An areal component arrangement for a vehicle body is disclosed. The areal component arrangement includes a sandwich structure having a metallic top and bottom layer and a non-metallic core layer. The areal component has an areal component section surrounded by outer edges of the areal component and having a reduced thickness with respect to the thickness the sandwich structure. The areal component arrangement further includes a welding partner which is welded to the areal component in the areal component section.

Description

CROSS-REFERENCE TO RELATED APPLICATION

This application claims priority to German Patent Application No. 102014005262.1, filed Apr. 10, 2014, which is incorporated herein by reference in its entirety.

TECHNICAL FIELD

This present disclosure pertains to an areal component arrangement for a vehicle body, and more particularly to an areal component having sandwich structure including a metallic top and bottom layer, a non-metallic core layer and a welding partner.

BACKGROUND

In vehicle construction it is known to use so-called lightweight sheets for the sake of weight reduction. Such lightweight sheets usually have a sandwich construction with multiple layers. The top and bottom layers are often of metal, whereas a core layer arranged in between includes plastic material. Such lightweight sheets are usually anchored in the vehicle body and/or in the vehicle assembly by riveting, clinching or gluing. Possibilities already exist of welding such lightweight sheets together.

The publication FR 2,713,119 for example describes a first and a second lightweight sheet which has a metallic bottom and top layer and a synthetic core layer. In order to weld the two lightweight sheets together, the bottom layer and the core layer is removed in the marginal region of the first lightweight sheet and the top layer and the core layer in the marginal region of the second lightweight sheet. Because of this, the top layer of the first lightweight sheet can be welded to the bottom layer of the second lightweight sheet.

SUMMARY

The present disclosure provides a functionally improved areal component of an areal component arrangement that is easily connected. The areal component arrangement for a motor vehicle in particular for a body of a passenger car or utility vehicle is proposed. The areal component arrangement includes an areal component with a sandwich structure. The sandwich structure preferably includes at least three sandwich layers. As sandwich layers, the areal component includes a metallic top layer, a metallic bottom layer and a non-metallic core layer. In particular, the metallic top layer is arranged on a top side, the metallic bottom layer on a bottom side and the non-metallic core layer between the top layer and the bottom layer. Optionally, the areal component may include as sandwich layers the aforementioned metallic top and bottom layer, the non-metallic core layer and at least one further layer. The areal component has an initial thickness. An amount of the starting thickness corresponds in particular to a sum of the thickness of the metallic top layer, the non-metallic core layer and the metallic bottom layer.

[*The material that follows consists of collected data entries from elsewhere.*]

(* Let $X$ be a finite set and let $\mu,\nu:X\to[0,\infty)$ with $\|\mu\|_1\le1$ and $\|\nu\|_1\le1$. Let $\eta,\delta>0$, let $J(x)=(x+|x|)/2$, and let $\epsilon=\delta/\bigl(2\rho(\eta^{-1},\delta/4,J)\bigr)$. Let $\|\cdot\|$ be a norm on $\mathbb{R}^X$ whose dual norm $\|\cdot\|^*$ is an algebra norm, and suppose $\|\mu-\nu\|\le\epsilon$. Then for every $f$ with $0\le f\le\mu$ there exists $g$ with $0\le g\le(1-\delta)^{-1}\nu$ and $\|f-g\|\le\eta$.
   Context: For functions on $X$: $\langle f,g\rangle=\frac1{|X|}\sum_xf(x)g(x)$, $\|f\|_1=\frac1{|X|}\sum_x|f(x)|$; inequalities between functions are pointwise. The dual norm is $\|\phi\|^*=\max\{\langle f,\phi\rangle:\|f\|\le1\}$. An algebra norm is a norm $N$ with $N(fg)\le N(f)N(g)$ (pointwise product) and $N(\mathbf 1)=1$. For a real polynomial $P(x)=\sum_ka_kx^k$, $R_P(x)=\sum_k|a_k|x^k$; for continuous $J$ and $C,\delta>0$, $\rho(C,\delta,J)$ is twice the infimum of $R_P(C)$ over all real polynomials $P$ with $|P(x)-J(x)|\le\delta$ for all $x\in[-C,C]$. *)

theory Defs
  imports "HOL-Analysis.Analysis" "HOL-Computational_Algebra.Polynomial"
begin

definition ip :: "('a::finite \<Rightarrow> real) \<Rightarrow> ('a \<Rightarrow> real) \<Rightarrow> real" where
  "ip f g = (1 / real CARD('a)) * (\<Sum>x\<in>UNIV. f x * g x)"

definition L1norm :: "('a::finite \<Rightarrow> real) \<Rightarrow> real" where
  "L1norm f = (1 / real CARD('a)) * (\<Sum>x\<in>UNIV. \<bar>f x\<bar>)"

definition is_norm :: "(('a::finite \<Rightarrow> real) \<Rightarrow> real) \<Rightarrow> bool" where
  "is_norm N \<longleftrightarrow>
     (\<forall>f. 0 \<le> N f) \<and> (\<forall>f. N f = 0 \<longleftrightarrow> f = (\<lambda>_. 0)) \<and>
     (\<forall>c f. N (\<lambda>x. c * f x) = \<bar>c\<bar> * N f) \<and>
     (\<forall>f g. N (\<lambda>x. f x + g x) \<le> N f + N g)"

definition dual_norm :: "(('a::finite \<Rightarrow> real) \<Rightarrow> real) \<Rightarrow> ('a \<Rightarrow> real) \<Rightarrow> real" where
  "dual_norm N \<phi> = Sup {ip f \<phi> | f. N f \<le> 1}"

definition is_algebra_norm :: "(('a::finite \<Rightarrow> real) \<Rightarrow> real) \<Rightarrow> bool" where
  "is_algebra_norm N \<longleftrightarrow> is_norm N \<and>
     (\<forall>f g. N (\<lambda>x. f x * g x) \<le> N f * N g) \<and> N (\<lambda>_. 1) = 1"

definition R_poly :: "real poly \<Rightarrow> real \<Rightarrow> real" where
  "R_poly P x = (\<Sum>k\<le>degree P. \<bar>coeff P k\<bar> * x ^ k)"

definition rho :: "real \<Rightarrow> real \<Rightarrow> (real \<Rightarrow> real) \<Rightarrow> real" where
  "rho C \<delta> J = 2 * Inf {R_poly P C | P. \<forall>x\<in>{-C..C}. \<bar>poly P x - J x\<bar> \<le> \<delta>}"

end

theory Submission
  imports Defs
begin
lemma odd_moment_sum_has_vector_derivative:
  assumes f: "continuous_on {0..1} f" and s: "0 < s" "s < 1"
  shows "(odd_moment_sum f j has_vector_derivative
      (2 ^ j * (1 - s) ^ (j + 1)) *\<^sub>R f (1 - s) + (- (2 * real j * s)) *\<^sub>R odd_moment_sum f (j - 1) s) (at s)"
proof -
  define b where "b i s = real (j choose i) * (1 - s\<^sup>2) ^ (j - i)" for i s
  define T where "T i s = odd_moment_tail f i (1 - s)" for i s
  have "(T i has_vector_derivative (1 - s) ^ (2 * i + 1) *\<^sub>R f (1 - s)) (at s)" for i
  proof -
    have "((odd_moment_tail f i \<circ> (\<lambda>s. 1 - s)) has_vector_derivative
        (- 1) *\<^sub>R - ((1 - s) ^ (2 * i + 1) *\<^sub>R f (1 - s))) (at s)"
      using s by (intro vector_diff_chain_at odd_moment_tail_has_vector_derivative f)
        (auto intro!: derivative_eq_intros)
    then show ?thesis
      by (simp add: T_def [abs_def] o_def)
  qed
  moreover have "(b i has_real_derivative
      real (j choose i) * real (j - i) * (1 - s\<^sup>2) ^ (j - 1 - i) * (- 2 * s)) (at s)" for i
    unfolding b_def by (auto intro!: derivative_eq_intros simp: add.commute)
  ultimately have deriv: "(odd_moment_sum f j has_vector_derivative
      (\<Sum>i\<le>j. b i s *\<^sub>R ((1 - s) ^ (2 * i + 1) *\<^sub>R f (1 - s)))
      + (\<Sum>i\<le>j. (real (j choose i) * real (j - i) * (1 - s\<^sup>2) ^ (j - 1 - i) * (- 2 * s)) *\<^sub>R T i s)) (at s)"
    unfolding odd_moment_sum_def [abs_def] b_def [symmetric] T_def [symmetric] sum.distrib [symmetric]
    by (intro has_vector_derivative_sum has_vector_derivative_scaleR)
  have boundary: "(\<Sum>i\<le>j. b i s *\<^sub>R ((1 - s) ^ (2 * i + 1) *\<^sub>R f (1 - s)))
      = (2 ^ j * (1 - s) ^ (j + 1)) *\<^sub>R f (1 - s)"
  proof -
    have "(\<Sum>i\<le>j. b i s * (1 - s) ^ (2 * i + 1)) = (1 - s) * ((1 - s)\<^sup>2 + (1 - s\<^sup>2)) ^ j"
      unfolding odd_power_binomial b_def by simp
    also have "\<dots> = 2 ^ j * (1 - s) ^ (j + 1)"
      by (simp add: power2_eq_square algebra_simps flip: power_mult_distrib)
    finally show ?thesis
      by (simp add: scaleR_sum_left [symmetric])
  qed
  have "(\<Sum>i\<le>j. (real (j choose i) * real (j - i) * (1 - s\<^sup>2) ^ (j - 1 - i) * (- 2 * s)) *\<^sub>R T i s)
      = (\<Sum>i\<le>j. (real (j choose i) * real (j - i)) *\<^sub>R ((- 2 * s * (1 - s\<^sup>2) ^ (j - 1 - i)) *\<^sub>R T i s))"
    by (intro sum.cong refl) (simp add: mult_ac)
  also have "\<dots> = real j *\<^sub>R (\<Sum>i\<le>j - 1. real ((j - 1) choose i) *\<^sub>R
      ((- 2 * s * (1 - s\<^sup>2) ^ (j - 1 - i)) *\<^sub>R T i s))"
    by (rule sum_binomial_absorb_comp)
  also have "\<dots> = (- (2 * real j * s)) *\<^sub>R odd_moment_sum f (j - 1) s"
    by (simp add: odd_moment_sum_def T_def scaleR_sum_right mult_ac)
  finally have interior: "(\<Sum>i\<le>j. (real (j choose i) * real (j - i) * (1 - s\<^sup>2) ^ (j - 1 - i) * (- 2 * s))
      *\<^sub>R T i s) = (- (2 * real j * s)) *\<^sub>R odd_moment_sum f (j - 1) s" .
  show ?thesis
    using deriv unfolding boundary interior .
qed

The areal component further includes at least one areal component section. The areal component section is surrounded by outer edges of the areal component and arranged spaced therefrom. Preferably, the areal component section is enclosed by a margin and/or marginal region. In particular, the areal component section is arranged centrally and/or in the middle in the areal component. Specifically, the areal component section is not arranged on the margin, in the marginal region, and/or on the outer edges of the areal component. For example, the areal component section is formed or includes a depression and/or indentation in the areal component. In the areal component section, the areal component has a reduced thickness which is reduced compared to the starting thickness. In particular, the amount of the reduced thickness corresponds to a sum of the thickness of the top layer and the bottom layer.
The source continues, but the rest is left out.